Xilinx’s Versal Premium ready for the 800-gigabit era
Wednesday, July 29, 2020 at 7:27PM
Roy Rubenstein in AI, Bob Wheeler, FPGAs, Kirk Saban, OFC 2020, Premium, VLIW, Versal, Vitis, Vivado, Xilinx, machine learning

When Xilinx was created in 1984, the founders banked on programmable logic becoming ever more attractive due to Moore’s law.

Making logic programmable requires extra transistors so Xilinx needed them to become cheaper and more plentiful, something Moore’s law has delivered, like clockwork, over decades.

Kirk SabanSince then, Xilinx’s field-programmable gate array (FPGA) devices have advanced considerably.

Indeed, Xilinx’s latest programmable logic family, the Versal Premium, is no longer referred to as an FPGA but as an adaptive compute accelerator platform (ACAP).

The Versal Premium series of chips, to be implemented using TSMC’s 7nm CMOS process, was unveiled for the OFC 2020 show. The Premium series will have seven chips with the largest, the VP1802, having 50 billion transistors.

First devices will ship in the second half of 2021.

 

ACAP series

Xilinx unveiled its adaptive compute acceleration platform in 2018. 

“It is a complete rearchitecting of our device technology,” says Kirk Saban, vice president product and platform marketing at Xilinx. “It is heterogenous by nature and has multiple types of processing engines.”

“Versal Premium is evolutionary compared with previous FPGAs that have hardened blocks for certain functions,” says Bob Wheeler, principal analyst at The Linley Group. “It is another step along a continuum, not really new.”

Six ACAP families are planned for Versal: three tailored for artificial intelligence (AI) - the AI RF, AI Core and AI Edge - and the others being the Prime, Premium and HBM (high bandwidth memory).

Only Versal AI series will have AI engines: very-long-instructing-word (VLIW) processor cores that can also be used for computational-intensive tasks such as digital signal processing.

Premium is the third Versal family to be unveiled, joining the AI Core and Prime series.

Versal Prime is Xilinx’s broadest series in the portfolio, featuring a range of device sizes and capabilities. The Prime series is suited to such applications as storage acceleration in the data centre; wired networking such as 5G back-, mid- and front-haul, and passive optical networking; and industrial applications such as machine vision.

 

Networking needs

Versal Premium has been developed with core networking and data centre acceleration applications in mind.

“The top-end SKU handles high-end networking applications such as optical transport and data centre interconnect as well as the most demanding signal-processing applications such as radar systems,” says Wheeler.

Xilinx defines core networking as the infrastructure beyond the radio access network. “All the wireline infrastructure is what we consider to be the core of the network,” says Saban. “Access, metro, and core networks, all together.”

When Xilinx’s designers sat down to consider the networking needs for the coming six years, they anticipated a huge capacity hike in the core network. Device numbers are set to grow tenfold with each device generating ten times more traffic.
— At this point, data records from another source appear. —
(* Let $m\ge3$ be odd, $n\ge 0$ an integer, $h=8(m-2)n+3(m-4)^2$, and $\bm d=(d_1,d_2,d_3)\in\mathbb{N}^3$. Let $p$ be an odd prime with $p\mid(m-2)$. Then \[ b_p(h,\lambda_{\bm d},0)=\begin{cases} p^{\mathrm{ord}_p(m-2)+\min_j\{\mathrm{ord}_p(d_j)\}} & \text{if } n\in\gcd(d_1,d_2,d_3)\mathbb{Z}_p,\\ 0&\text{otherwise.}\end{cases} \]
   Context: $V$ is the ternary quadratic space over $\mathbb{Q}$ with basis $e_1,e_2,e_3$, $B(e_i,e_j)=4(m-2)^2\delta_{ij}$, $Q(x)=B(x,x)$; $L^{\bm d}=\mathbb{Z}d_1e_1+\mathbb{Z}d_2e_2+\mathbb{Z}d_3e_3$, $\nu=\frac{4-m}{2(m-2)}(e_1+e_2+e_3)$, $X^{\bm d}=L^{\bm d}+\nu$, and $\lambda_{\bm d}$ is the characteristic function of $X^{\bm d}$. For $z\in\mathbb{Q}_p$, $\bm e_p(z)=e^{-2\pi i y}$ where $y\in\bigcup_{t\ge1}p^{-t}\mathbb{Z}$ satisfies $z-y\in\mathbb{Z}_p$. With Haar measures $dv$ on $L^{\bm d}_p=L^{\bm d}\otimes\mathbb{Z}_p$ and $d\sigma$ on $\mathbb{Q}_p$ normalized so that $L^{\bm d}_p$ and $\mathbb{Z}_p$ have volume $1$, the local density is \[ b_p(h,\lambda_{\bm d},0)=\int_{\mathbb{Q}_p}\int_{L^{\bm d}_p}\bm e_p\big(\sigma(Q(v+\nu)-h)\big)\,dv\,d\sigma. \] *)

theory Defs
  imports Complex_Main "HOL-Computational_Algebra.Primes"
begin

text \<open>p-adic notions restricted to the rationals (the integrand only ever
  takes rational values at the coset representatives used below).\<close>

definition in_Zp :: "nat \<Rightarrow> rat \<Rightarrow> bool" where
  "in_Zp p q \<longleftrightarrow> coprime (snd (quotient_of q)) (int p)"

definition in_Z_inv_p :: "nat \<Rightarrow> rat \<Rightarrow> bool" where
  "in_Z_inv_p p q \<longleftrightarrow> (\<exists>(a::int) (t::nat). q = of_int a / of_nat p ^ t)"

definition e_p :: "nat \<Rightarrow> rat \<Rightarrow> complex" where
  "e_p p z = cis (- 2 * pi * real_of_rat (SOME y. in_Z_inv_p p y \<and> in_Zp p (z - y)))"

definition Qform :: "int \<Rightarrow> rat \<times> rat \<times> rat \<Rightarrow> rat" where
  "Qform m x = (case x of (x1, x2, x3) \<Rightarrow>
      4 * (of_int m - 2)^2 * (x1^2 + x2^2 + x3^2))"

text \<open>The common coordinate of nu = (4-m)/(2(m-2)) (e_1+e_2+e_3).\<close>
definition nu_coord :: "int \<Rightarrow> rat" where
  "nu_coord m = (4 - of_int m) / (2 * (of_int m - 2))"

text \<open>The local density integral truncated to sigma in p^(-t) Z_p, computed
  exactly: for sigma in p^(-t) Z_p the integrand
  e_p(sigma (Q(v+nu) - h)) is constant on the cosets (a/p^t + Z_p) x (w + p^t L_p),
  because Q(v+nu) = sum_j (2(m-2) d_j x_j + 4 - m)^2 is integral in the coordinates x_j
  of v = sum_j d_j x_j e_j.  Each sigma-coset has measure 1, each v-coset p^(-3t).\<close>
definition local_density_trunc ::
  "nat \<Rightarrow> int \<Rightarrow> int \<Rightarrow> int \<Rightarrow> int \<Rightarrow> int \<Rightarrow> nat \<Rightarrow> complex" where
  "local_density_trunc p m d1 d2 d3 h t =
     (\<Sum>a\<in>{0..<p^t}. \<Sum>x1\<in>{0..<p^t}. \<Sum>x2\<in>{0..<p^t}. \<Sum>x3\<in>{0..<p^t}.
        e_p p ((of_nat a / of_nat p ^ t) *
          (Qform m (of_int d1 * of_nat x1 + nu_coord m,
                    of_int d2 * of_nat x2 + nu_coord m,
                    of_int d3 * of_nat x3 + nu_coord m) - of_int h)))
     / of_nat p ^ (3 * t)"

text \<open>b_p(h, lambda_d, 0) = c means the (improper) integral over Q_p, i.e. the limit
  of the truncations over p^(-t) Z_p, exists and equals c.\<close>
definition has_local_density ::
  "nat \<Rightarrow> int \<Rightarrow> int \<Rightarrow> int \<Rightarrow> int \<Rightarrow> int \<Rightarrow> complex \<Rightarrow> bool" where
  "has_local_density p m d1 d2 d3 h c \<longleftrightarrow>
     (local_density_trunc p m d1 d2 d3 h \<longlonglongrightarrow> c)"

end

theory Submission
  imports Defs "HOL-Library.Real_Mod"
begin

text \<open>Write M = m - 2 and g_d(x) = x (M d x + 2 - M). On the lattice coset the form is integral,
  Q(v + nu) - h = 4M (d_1 g_d1(x_1) + d_2 g_d2(x_2) + d_3 g_d3(x_3)) - 8Mn, so the truncated density
  at level p^t is a finite exponential sum that factors into three sums over the x_j. As p divides M
  and p is odd, g_d permutes Z/p^t, so each of them is a complete character sum: p^t or 0 according
  as p^t divides 4aMd_j or not. With mu = ord_p M and k = min_j ord_p d_j, what is left is a
  character sum over the multiples of p^(t-mu-k); for t \<ge> mu + k it equals p^(mu+k) if p^(mu+k)
  divides 8Mn, i.e. if p^k divides n, and 0 otherwise. So the truncations are eventually constant.\<close>

definition unity_root :: "nat \<Rightarrow> int \<Rightarrow> complex" where
  "unity_root q X = cis (2 * pi * of_int X / of_nat q)"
“The bandwidth going through the wired network globally needs to grow at 50 per cent on a compound annual basis to keep pace with the number of devices being connected and the data coming through them,” says Saban.

Versal Premium will deliver three times the bandwidth and nearly twice the logic capacity of the 16nm Virtex UltraScale+ VU13P FPGA, the largest device used currently for networking and data centre applications.

“Shifts are happening that the Virtex FPGAs are not going to be able to handle,” says Saban. “The move to 400 gigabit and then 800 gigabit on the mid-term horizon, the Virtex products can’t handle that kind of throughput.”

 Versal Premium architecture. Source: Xilinx

Premium architecture

The Premium devices feature ARM-based scalar processors such as the dual-core Cortex-A72 application processor and the dual-core Cortex-R5F real-time processor.

The application processor is used for general-purpose processing and control. The real-time processor is used for applications that require deterministic processing. Such a processor is key for safety-certified applications.

Also included is a platform management controller that oversees the device. A user can configure many of the ACAP settings using a standard tool flow but the controller’s operation is effectively transparent to the user, says Saban.

The Premium features several types of on-chip memory that Saban likens to levels of cache memory used by high-performance processors. ”We have look-up-table RAM, Block RAM and Ultra RAM and we can offload to [external] DDR4 [RAM],” he says. “The memory hierarchy can be configured to match the algorithm you are building.”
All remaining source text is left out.